6. Forces Deeper Engagement with Statistical Concepts. Because R isn’t a menu-driven point & click environment, you have to code your analysis using script. For me, this forces you to become more conversent with the techniques you are using, lest your misunderstanding leads you to code your analysis incorrectly. Even just doing plain data trimming in R makes you feel more intimate with your data, because you are coding how that data is to be manipulated. I forces you to think of EVERYTHING you are doing. SPSS can be executed with your eyes closed and your brain off. 

7. Computational Simulations. I do a lot of computer simulations, and R is an absolute god-send for this. Again, this is due to R being primarily a programming language. I have conducted simulations of human cognition, distribution of p-values under a null hypothesis, even annual rainfall in the UK! All in one environment. R is so versatile. If it involves numbers, and it can be programmed, R will do the job. 

8. Data Scraping. R also has several packages that allow you to scrape data from the internet for analysis. This is great for data geeks like me, who like to explore government/sport/financial data sets just for fun. Using R, you can get the data, arrange it for suitable analysis, conduct analysis, and plot analysis. All within the comfort of the R environment. 

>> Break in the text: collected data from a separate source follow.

(* Let $D$ and $X$ be real vector spaces, let $M(\cdot,\cdot)$ and $N(\cdot,\cdot)$ be symmetric bilinear forms on $D$ with $M$ positive definite, let $b_G(\cdot,\cdot)$ be a symmetric positive semidefinite bilinear form on $X$, and let $T:D\to X$ be linear with $b_G(Tu,Tv)=M(u,v)$ for all $u,v\in D$. Let $v_1,\dots,v_n\in D$ and $w_1,\dots,w_n\in X$ satisfy $b_G(w_i,T\phi)=N(v_i,\phi)$ for all $\phi\in D$, $i=1,\dots,n$. Assume that for every $v\in\operatorname{span}\{v_1,\dots,v_n\}$ there exists $\tilde u\in D$ with $M(\tilde u,\phi)=N(v,\phi)$ for all $\phi\in D$. Define the $n\times n$ matrices $$A_0=(M(v_i,v_j))_{i,j},\quad A_1=(N(v_i,v_j))_{i,j},\quad A_2=(b_G(w_i,w_j))_{i,j},$$ assume $A_1$ is positive definite, and let $\Lambda_n$ be the largest eigenvalue of $A_0x=\Lambda A_1x$. If $\rho>\Lambda_n$ and $\rho>0$, then the matrix $B:=A_0-2\rho A_1+\rho^2A_2$ is positive definite. *)

theory Defs
  imports "HOL-Analysis.Analysis"
begin

definition sym_form :: "('a \<Rightarrow> 'a \<Rightarrow> real) \<Rightarrow> bool" where
  "sym_form B \<longleftrightarrow> (\<forall>u v. B u v = B v u)"

definition pos_def_form :: "('a::real_vector \<Rightarrow> 'a \<Rightarrow> real) \<Rightarrow> bool" where
  "pos_def_form B \<longleftrightarrow> (\<forall>u. u \<noteq> 0 \<longrightarrow> B u u > 0)"

definition pos_semidef_form :: "('a \<Rightarrow> 'a \<Rightarrow> real) \<Rightarrow> bool" where
  "pos_semidef_form B \<longleftrightarrow> (\<forall>u. B u u \<ge> 0)"

definition pos_def_mat :: "real^'n^'n \<Rightarrow> bool" where
  "pos_def_mat A \<longleftrightarrow> transpose A = A \<and> (\<forall>x. x \<noteq> 0 \<longrightarrow> x \<bullet> (A *v x) > 0)"

definition gen_eigenvalue :: "real^'n^'n \<Rightarrow> real^'n^'n \<Rightarrow> real \<Rightarrow> bool" where
  "gen_eigenvalue A0 A1 l \<longleftrightarrow> (\<exists>x. x \<noteq> 0 \<and> A0 *v x = l *\<^sub>R (A1 *v x))"

end

theory Submission
  imports Defs
begin

text \<open>Write \<open>V = \<Sum>\<^sub>j x\<^sub>j v\<^sub>j\<close>, \<open>W = \<Sum>\<^sub>j x\<^sub>j w\<^sub>j\<close> and let \<open>u\<close> be the
  \<open>M\<close>-representer of \<open>N V\<close>. Then \<open>x\<^sup>T B x = M V V - 2\<rho> N V V + \<rho>\<^sup>2 b\<^sub>G W W\<close>, and
  \<open>T u\<close> is the \<open>b\<^sub>G\<close>-orthogonal projection of \<open>W\<close> onto the range of \<open>T\<close>, so
  \<open>b\<^sub>G W W \<ge> b\<^sub>G (T u) (T u) = M u u\<close>. Hence \<open>x\<^sup>T B x \<ge> M (V - \<rho> u) (V - \<rho> u) \<ge> 0\<close>,
  and equality forces \<open>V = \<rho> u\<close>, which makes \<open>\<rho>\<close> a generalized eigenvalue with
  eigenvector \<open>x\<close>, contradicting \<open>\<rho> > \<Lambda>\<^sub>n\<close>.\<close>

lemma bilinear_sum_left: "bilinear h \<Longrightarrow> h (sum f S) y = (\<Sum>i\<in>S. h (f i) y)"
  unfolding bilinear_def using linear_sum[of "\<lambda>x. h x y"] by (simp add: o_def)

lemma bilinear_sum_right: "bilinear h \<Longrightarrow> h x (sum g S) = (\<Sum>j\<in>S. h x (g j))"
  unfolding bilinear_def using linear_sum[of "h x"] by (simp add: o_def)

lemma gram_matrix_mult_vec_nth:
  "bilinear F \<Longrightarrow> ((\<chi> i j. F (v i) (v j)) *v x) $ k = F (v k) (\<Sum>j\<in>UNIV. x $ j *\<^sub>R v j)"
  by (simp add: matrix_vector_mult_def bilinear_sum_right bilinear_rmul mult.commute)

lemma gram_matrix_quadratic_form:
  "bilinear F \<Longrightarrow>
    x \<bullet> ((\<chi> i j. F (v i) (v j)) *v x) = F (\<Sum>j\<in>UNIV. x $ j *\<^sub>R v j) (\<Sum>j\<in>UNIV. x $ j *\<^sub>R v j)"
  by (simp add: inner_vec_def gram_matrix_mult_vec_nth bilinear_sum_left bilinear_lmul)

lemma gram_matrix_combination_quadratic_form:
  assumes "bilinear F" "bilinear G" "bilinear H"
  shows "x \<bullet> (((\<chi> i j. F (v i) (v j)) - a *\<^sub>R (\<chi> i j. G (v i) (v j))
                  + c *\<^sub>R (\<chi> i j. H (w i) (w j))) *v x)
    = F (\<Sum>j\<in>UNIV. x $ j *\<^sub>R v j) (\<Sum>j\<in>UNIV. x $ j *\<^sub>R v j)
      - a * G (\<Sum>j\<in>UNIV. x $ j *\<^sub>R v j) (\<Sum>j\<in>UNIV. x $ j *\<^sub>R v j)
      + c * H (\<Sum>j\<in>UNIV. x $ j *\<^sub>R w j) (\<Sum>j\<in>UNIV. x $ j *\<^sub>R w j)"
  by (simp add: matrix_vector_mult_diff_rdistrib matrix_vector_mult_add_rdistrib
      scaleR_matrix_vector_assoc[symmetric] inner_diff_right inner_add_right
      gram_matrix_quadratic_form assms)

lemma orthogonal_projection_form_le:
  assumes "bilinear bG" "sym_form bG" "pos_semidef_form bG"
    and image_form: "\<And>u z. bG (T u) (T z) = M u z"
    and pairing: "\<And>\<phi>. bG W (T \<phi>) = M u \<phi>"
  shows "M u u \<le> bG W W"
proof -
  define E where "E = W - T u"
  have orthogonal: "bG E (T u) = 0"
    by (simp add: E_def bilinear_lsub[OF assms(1)] image_form pairing)
  have "bG W W = bG E E + 2 * bG E (T u) + bG (T u) (T u)"
    using assms(2) unfolding E_def sym_form_def
    by (simp add: bilinear_lsub[OF assms(1)] bilinear_rsub[OF assms(1)])
  moreover have "bG E E \<ge> 0"
    using assms(3) unfolding pos_semidef_form_def by blast
  ultimately show ?thesis
    using orthogonal image_form[of u u] by linarith
qed

lemma shifted_form_le_quadratic:
  assumes M: "bilinear M" "sym_form M"
    and "bilinear bG" "sym_form bG" "pos_semidef_form bG"
    and "\<And>u z. bG (T u) (T z) = M u z"
    and "\<And>\<phi>. bG W (T \<phi>) = N V \<phi>"
    and representer: "\<And>\<phi>. M u \<phi> = N V \<phi>"
  shows "M (V - \<rho> *\<^sub>R u) (V - \<rho> *\<^sub>R u) \<le> M V V - 2 * \<rho> * N V V + \<rho>\<^sup>2 * bG W W"
proof -
  have "M u u \<le> bG W W"
    using assms(3-7) representer by (intro orthogonal_projection_form_le[where T = T]) auto
  then have "\<rho>\<^sup>2 * M u u \<le> \<rho>\<^sup>2 * bG W W"
    by (simp add: mult_left_mono)
  moreover have "M V u = N V V"
    using M(2) representer unfolding sym_form_def by metis
  then have "M (V - \<rho> *\<^sub>R u) (V - \<rho> *\<^sub>R u) = M V V - 2 * \<rho> * N V V + \<rho>\<^sup>2 * M u u"
    by (simp add: bilinear_lsub[OF M(1)] bilinear_rsub[OF M(1)] bilinear_lmul[OF M(1)]
        bilinear_rmul[OF M(1)] representer power2_eq_square algebra_simps)
  ultimately show ?thesis
    by linarith
qed

lemma gen_eigenvalue_of_representer:
  assumes M: "bilinear M" "sym_form M" and N: "bilinear N" "sym_form N"
    and representer: "\<And>\<phi>. M u \<phi> = N (\<Sum>j\<in>UNIV. x $ j *\<^sub>R v j) \<phi>"
    and eigen: "(\<Sum>j\<in>UNIV. x $ j *\<^sub>R v j) = \<rho> *\<^sub>R u"
    and "x \<noteq> 0"
  shows "gen_eigenvalue (\<chi> i j. M (v i) (v j)) (\<chi> i j. N (v i) (v j)) \<rho>"
proof -
  let ?V = "\<Sum>j\<in>UNIV. x $ j *\<^sub>R v j"
  have "((\<chi> i j. M (v i) (v j)) *v x) $ k = (\<rho> *\<^sub>R ((\<chi> i j. N (v i) (v j)) *v x)) $ k" for k
  proof -
    have "((\<chi> i j. M (v i) (v j)) *v x) $ k = M (v k) ?V"
      by (rule gram_matrix_mult_vec_nth[OF M(1)])
    also have "\<dots> = \<rho> * M u (v k)"
      using M(2) unfolding sym_form_def by (simp add: eigen bilinear_rmul[OF M(1)])
    also have "\<dots> = \<rho> * N (v k) ?V"
      using N(2) unfolding sym_form_def by (simp add: representer)
    finally show ?thesis
      by (simp add: gram_matrix_mult_vec_nth[OF N(1)])
  qed
  then show ?thesis
    unfolding gen_eigenvalue_def using \<open>x \<noteq> 0\<close> by (auto simp: vec_eq_iff)
qed

theorem lemma4p3:
  fixes M N :: "'d::real_vector \<Rightarrow> 'd \<Rightarrow> real"
    and bG :: "'x::real_vector \<Rightarrow> 'x \<Rightarrow> real"
    and T :: "'d \<Rightarrow> 'x"
    and v :: "'n::finite \<Rightarrow> 'd"
    and w :: "'n \<Rightarrow> 'x"
    and \<Lambda> \<rho> :: real
  assumes "bilinear M" "sym_form M" "pos_def_form M"
    and "bilinear N" "sym_form N"
    and "bilinear bG" "sym_form bG" "pos_semidef_form bG"
    and "linear T"
    and "\<forall>u z. bG (T u) (T z) = M u z"
    and "\<forall>i \<phi>. bG (w i) (T \<phi>) = N (v i) \<phi>"
    and "\<forall>z \<in> span (range v). \<exists>u. \<forall>\<phi>. M u \<phi> = N z \<phi>"
    and "pos_def_mat (\<chi> i j. N (v i) (v j))"
    and "gen_eigenvalue (\<chi> i j. M (v i) (v j)) (\<chi> i j. N (v i) (v j)) \<Lambda>"
    and "\<forall>\<mu>. gen_eigenvalue (\<chi> i j. M (v i) (v j)) (\<chi> i j. N (v i) (v j)) \<mu> \<longrightarrow> \<mu> \<le> \<Lambda>"
    and "\<rho> > \<Lambda>" "\<rho> > 0"
  shows "pos_def_mat ((\<chi> i j. M (v i) (v j)) - (2 * \<rho>) *\<^sub>R (\<chi> i j. N (v i) (v j))
                      + (\<rho>^2) *\<^sub>R (\<chi> i j. bG (w i) (w j)))"
proof -
  let ?B = "(\<chi> i j. M (v i) (v j)) - (2 * \<rho>) *\<^sub>R (\<chi> i j. N (v i) (v j))
            + (\<rho>^2) *\<^sub>R (\<chi> i j. bG (w i) (w j))"
  have "transpose ?B = ?B"
    using assms(2,5,7) unfolding sym_form_def by (simp add: vec_eq_iff transpose_def)
  moreover have "x \<bullet> (?B *v x) > 0" if "x \<noteq> 0" for x
  proof -
    define V where "V = (\<Sum>j\<in>UNIV. x $ j *\<^sub>R v j)"
    define W where "W = (\<Sum>j\<in>UNIV. x $ j *\<^sub>R w j)"
    have "V \<in> span (range v)"
      unfolding V_def by (intro span_sum span_scale span_base) auto
    then obtain u where representer: "\<And>\<phi>. M u \<phi> = N V \<phi>"
      using assms(12) by blast
    have "\<And>\<phi>. bG W (T \<phi>) = N V \<phi>"
      using assms(11) by (simp add: W_def V_def bilinear_sum_left[OF assms(6)]
          bilinear_sum_left[OF assms(4)] bilinear_lmul[OF assms(6)] bilinear_lmul[OF assms(4)])
    then have "M (V - \<rho> *\<^sub>R u) (V - \<rho> *\<^sub>R u) \<le> x \<bullet> (?B *v x)"
      using shifted_form_le_quadratic[of M bG T W N V u \<rho>] assms(1,2,6-8,10) representer
      by (simp add: gram_matrix_combination_quadratic_form assms(1,4,6) V_def W_def)
    moreover have "V \<noteq> \<rho> *\<^sub>R u"
      using gen_eigenvalue_of_representer[OF assms(1,2,4,5)] representer \<open>x \<noteq> 0\<close> assms(15,16)
      unfolding V_def by force
    then have "M (V - \<rho> *\<^sub>R u) (V - \<rho> *\<^sub>R u) > 0"
      using assms(3) unfolding pos_def_form_def by simp
    ultimately show ?thesis
      by linarith
  qed
  ultimately show ?thesis
    unfolding pos_def_mat_def by blast
qed

end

9. Great Community. Most open source ventures have great community spirit, but I find R has one of the best. Whenever you get stuck with how to do something (and you WILL get stuck), you can be almost certain to find a an answer by a quick Google search, because someone in the community will have written how to do what you need. If they haven’t, there are several resources to use to seek help (such as StackExchange). 

Disadvantages

1. Steep Learning Curve. R is quite difficult to learn. I remember when I first saw an R script I almost threw up in my mouth. It was so intimidating. R takes a while to get comfortable with. For months whilst learning R I was thinking how easily I could do a certain analysis in SPSS, or how easy a plot would be to create in Excel. But, now I’m getting to grips with it, I can honestly say it is all worth it and that you should push through the pain barrier. At the end of it all, you will be left with a superior environment for your analytical needs.

2. Not Ideal for Undergraduates. Related to the above, it’s perhaps not best suited as an introductory software package for newbie-statisticians in psychology. This is because students in psychology often struggle with the statistical concepts themselves, so it would seem cruel to force them to learn a daunting programming language at the same time. (I have no data on this, and would love to hear from others who HAVE used it successfully at undergraduate level.) Also, at institutions where many staff teach on one module, you would have to ensure all of the staff are fluent in R before deploying it at undergraduate level. Everyone in psychology knows how to use SPSS, but this isn’t true for R. 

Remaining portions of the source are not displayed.